- Opening Delimiter -
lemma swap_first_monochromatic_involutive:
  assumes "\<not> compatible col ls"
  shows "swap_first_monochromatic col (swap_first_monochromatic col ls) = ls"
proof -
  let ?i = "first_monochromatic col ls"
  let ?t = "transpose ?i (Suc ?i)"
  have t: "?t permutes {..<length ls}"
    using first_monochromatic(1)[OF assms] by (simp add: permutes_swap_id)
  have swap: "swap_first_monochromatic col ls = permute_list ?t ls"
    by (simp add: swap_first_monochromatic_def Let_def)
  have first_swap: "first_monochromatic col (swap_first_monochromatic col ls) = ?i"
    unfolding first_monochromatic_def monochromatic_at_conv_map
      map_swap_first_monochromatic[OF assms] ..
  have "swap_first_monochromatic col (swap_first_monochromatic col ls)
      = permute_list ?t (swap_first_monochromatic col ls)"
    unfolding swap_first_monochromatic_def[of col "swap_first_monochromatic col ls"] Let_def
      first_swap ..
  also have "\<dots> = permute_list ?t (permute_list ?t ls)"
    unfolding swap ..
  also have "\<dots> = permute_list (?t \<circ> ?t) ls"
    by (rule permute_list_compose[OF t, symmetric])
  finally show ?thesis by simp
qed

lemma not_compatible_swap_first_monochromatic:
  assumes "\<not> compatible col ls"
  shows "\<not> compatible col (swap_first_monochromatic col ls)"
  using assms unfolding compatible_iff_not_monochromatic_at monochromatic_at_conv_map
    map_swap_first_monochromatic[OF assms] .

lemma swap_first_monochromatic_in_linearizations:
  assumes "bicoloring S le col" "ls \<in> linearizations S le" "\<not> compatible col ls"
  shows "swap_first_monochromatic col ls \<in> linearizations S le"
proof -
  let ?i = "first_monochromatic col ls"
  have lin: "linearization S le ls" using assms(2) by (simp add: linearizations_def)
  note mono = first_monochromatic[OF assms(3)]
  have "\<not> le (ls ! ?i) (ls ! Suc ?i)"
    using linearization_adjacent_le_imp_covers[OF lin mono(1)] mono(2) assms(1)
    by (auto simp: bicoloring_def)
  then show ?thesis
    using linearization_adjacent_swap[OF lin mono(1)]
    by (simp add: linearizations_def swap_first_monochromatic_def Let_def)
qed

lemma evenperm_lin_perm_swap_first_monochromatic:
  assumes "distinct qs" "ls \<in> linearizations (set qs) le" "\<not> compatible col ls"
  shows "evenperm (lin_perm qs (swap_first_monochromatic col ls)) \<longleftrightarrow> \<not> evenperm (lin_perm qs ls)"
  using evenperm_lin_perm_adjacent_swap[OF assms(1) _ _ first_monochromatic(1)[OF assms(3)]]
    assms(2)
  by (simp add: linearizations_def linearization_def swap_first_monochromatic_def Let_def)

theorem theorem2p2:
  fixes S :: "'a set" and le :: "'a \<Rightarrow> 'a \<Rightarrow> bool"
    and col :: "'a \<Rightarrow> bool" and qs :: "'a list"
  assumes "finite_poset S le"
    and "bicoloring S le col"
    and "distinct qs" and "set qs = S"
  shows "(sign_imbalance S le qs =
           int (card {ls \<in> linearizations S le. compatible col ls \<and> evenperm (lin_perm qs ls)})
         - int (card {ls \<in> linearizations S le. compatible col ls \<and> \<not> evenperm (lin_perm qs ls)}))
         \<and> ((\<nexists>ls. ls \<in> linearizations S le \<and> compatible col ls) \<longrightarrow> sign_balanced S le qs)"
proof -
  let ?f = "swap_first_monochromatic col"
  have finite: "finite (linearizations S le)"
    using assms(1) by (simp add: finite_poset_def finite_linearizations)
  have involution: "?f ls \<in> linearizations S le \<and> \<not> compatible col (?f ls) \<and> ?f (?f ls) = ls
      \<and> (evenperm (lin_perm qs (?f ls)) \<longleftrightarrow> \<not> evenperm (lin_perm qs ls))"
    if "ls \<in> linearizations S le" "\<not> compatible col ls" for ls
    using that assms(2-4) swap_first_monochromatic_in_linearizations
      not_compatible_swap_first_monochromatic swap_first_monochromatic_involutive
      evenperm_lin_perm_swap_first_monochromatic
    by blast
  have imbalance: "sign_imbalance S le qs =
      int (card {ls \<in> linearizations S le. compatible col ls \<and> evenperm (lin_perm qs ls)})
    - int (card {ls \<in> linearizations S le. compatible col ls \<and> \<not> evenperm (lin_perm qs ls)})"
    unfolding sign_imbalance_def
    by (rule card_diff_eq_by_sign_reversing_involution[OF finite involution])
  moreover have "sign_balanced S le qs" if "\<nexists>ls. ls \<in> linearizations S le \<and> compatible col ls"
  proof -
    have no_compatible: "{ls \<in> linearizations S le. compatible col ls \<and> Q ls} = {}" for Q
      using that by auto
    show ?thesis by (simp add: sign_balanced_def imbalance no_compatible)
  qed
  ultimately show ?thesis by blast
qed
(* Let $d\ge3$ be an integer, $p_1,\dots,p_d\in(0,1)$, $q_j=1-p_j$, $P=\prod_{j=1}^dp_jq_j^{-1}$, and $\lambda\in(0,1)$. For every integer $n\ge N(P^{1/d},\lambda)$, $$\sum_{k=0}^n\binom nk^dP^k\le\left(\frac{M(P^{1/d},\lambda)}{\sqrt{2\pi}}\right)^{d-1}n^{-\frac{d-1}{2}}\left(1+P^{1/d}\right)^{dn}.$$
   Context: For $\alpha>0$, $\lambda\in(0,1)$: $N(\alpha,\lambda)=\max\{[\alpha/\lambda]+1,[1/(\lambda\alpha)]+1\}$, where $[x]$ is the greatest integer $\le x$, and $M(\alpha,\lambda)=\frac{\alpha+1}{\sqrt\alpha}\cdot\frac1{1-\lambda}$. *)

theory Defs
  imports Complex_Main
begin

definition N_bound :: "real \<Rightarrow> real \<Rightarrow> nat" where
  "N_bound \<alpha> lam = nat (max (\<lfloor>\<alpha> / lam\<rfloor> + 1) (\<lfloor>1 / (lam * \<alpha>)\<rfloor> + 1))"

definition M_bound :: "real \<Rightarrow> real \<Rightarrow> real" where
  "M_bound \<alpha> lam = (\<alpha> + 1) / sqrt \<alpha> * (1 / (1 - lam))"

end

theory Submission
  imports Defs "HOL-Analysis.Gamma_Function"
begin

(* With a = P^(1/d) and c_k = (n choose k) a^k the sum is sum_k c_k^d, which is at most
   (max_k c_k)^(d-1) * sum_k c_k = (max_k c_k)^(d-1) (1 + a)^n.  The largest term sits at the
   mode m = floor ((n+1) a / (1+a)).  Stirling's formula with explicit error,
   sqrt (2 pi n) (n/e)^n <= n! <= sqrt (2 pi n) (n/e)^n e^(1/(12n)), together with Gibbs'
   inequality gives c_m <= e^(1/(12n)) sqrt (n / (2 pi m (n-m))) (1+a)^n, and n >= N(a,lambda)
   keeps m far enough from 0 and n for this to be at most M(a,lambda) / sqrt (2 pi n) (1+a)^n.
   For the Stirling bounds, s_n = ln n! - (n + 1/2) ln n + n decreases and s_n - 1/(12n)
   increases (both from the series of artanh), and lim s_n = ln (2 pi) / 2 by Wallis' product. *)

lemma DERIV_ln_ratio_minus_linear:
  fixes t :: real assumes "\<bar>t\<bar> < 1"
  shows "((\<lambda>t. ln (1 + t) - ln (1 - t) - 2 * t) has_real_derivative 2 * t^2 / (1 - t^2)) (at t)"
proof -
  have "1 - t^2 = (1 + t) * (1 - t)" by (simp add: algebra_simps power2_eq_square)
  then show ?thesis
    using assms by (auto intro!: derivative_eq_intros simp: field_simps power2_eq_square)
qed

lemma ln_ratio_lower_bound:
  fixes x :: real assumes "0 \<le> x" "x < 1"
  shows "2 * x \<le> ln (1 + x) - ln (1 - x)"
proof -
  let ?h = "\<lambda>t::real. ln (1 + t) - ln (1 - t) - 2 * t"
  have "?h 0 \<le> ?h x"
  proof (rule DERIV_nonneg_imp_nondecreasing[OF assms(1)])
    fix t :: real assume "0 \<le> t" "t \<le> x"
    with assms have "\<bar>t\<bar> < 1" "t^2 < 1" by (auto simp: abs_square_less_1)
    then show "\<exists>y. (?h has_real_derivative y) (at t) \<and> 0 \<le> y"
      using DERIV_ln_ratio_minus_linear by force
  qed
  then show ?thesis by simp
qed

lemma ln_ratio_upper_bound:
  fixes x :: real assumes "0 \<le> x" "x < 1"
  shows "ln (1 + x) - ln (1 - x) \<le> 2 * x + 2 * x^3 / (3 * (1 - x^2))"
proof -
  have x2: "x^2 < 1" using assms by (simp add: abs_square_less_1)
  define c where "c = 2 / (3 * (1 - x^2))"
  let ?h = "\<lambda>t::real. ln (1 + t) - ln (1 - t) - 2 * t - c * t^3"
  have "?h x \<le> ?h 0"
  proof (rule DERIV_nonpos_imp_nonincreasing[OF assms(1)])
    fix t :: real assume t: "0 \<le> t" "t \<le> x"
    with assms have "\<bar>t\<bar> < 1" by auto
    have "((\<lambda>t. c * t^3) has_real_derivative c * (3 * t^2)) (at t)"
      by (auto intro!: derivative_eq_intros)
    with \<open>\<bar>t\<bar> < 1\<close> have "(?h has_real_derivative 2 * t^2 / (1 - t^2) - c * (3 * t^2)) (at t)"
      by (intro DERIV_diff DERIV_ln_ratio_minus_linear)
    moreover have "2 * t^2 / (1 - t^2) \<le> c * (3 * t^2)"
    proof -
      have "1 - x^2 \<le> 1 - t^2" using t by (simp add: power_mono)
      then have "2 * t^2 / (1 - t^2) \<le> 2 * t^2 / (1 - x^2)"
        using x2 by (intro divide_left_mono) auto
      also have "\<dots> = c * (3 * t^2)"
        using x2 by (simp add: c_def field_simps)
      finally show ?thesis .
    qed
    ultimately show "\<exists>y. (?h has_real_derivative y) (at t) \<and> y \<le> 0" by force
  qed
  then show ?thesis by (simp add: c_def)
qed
- Closing Delimiter -
What you will do:
Please copy the lines above from the line with "ln (1 - x) \<le>" up to and including the line with "by (auto intro!: derivative_eq_intros)", exactly as written and with nothing else.

Solved problem:
  shows "ln (1 + x) - ln (1 - x) \<le> 2 * x + 2 * x^3 / (3 * (1 - x^2))"
proof -
  have x2: "x^2 < 1" using assms by (simp add: abs_square_less_1)
  define c where "c = 2 / (3 * (1 - x^2))"
  let ?h = "\<lambda>t::real. ln (1 + t) - ln (1 - t) - 2 * t - c * t^3"
  have "?h x \<le> ?h 0"
  proof (rule DERIV_nonpos_imp_nonincreasing[OF assms(1)])
    fix t :: real assume t: "0 \<le> t" "t \<le> x"
    with assms have "\<bar>t\<bar> < 1" by auto
    have "((\<lambda>t. c * t^3) has_real_derivative c * (3 * t^2)) (at t)"
      by (auto intro!: derivative_eq_intros)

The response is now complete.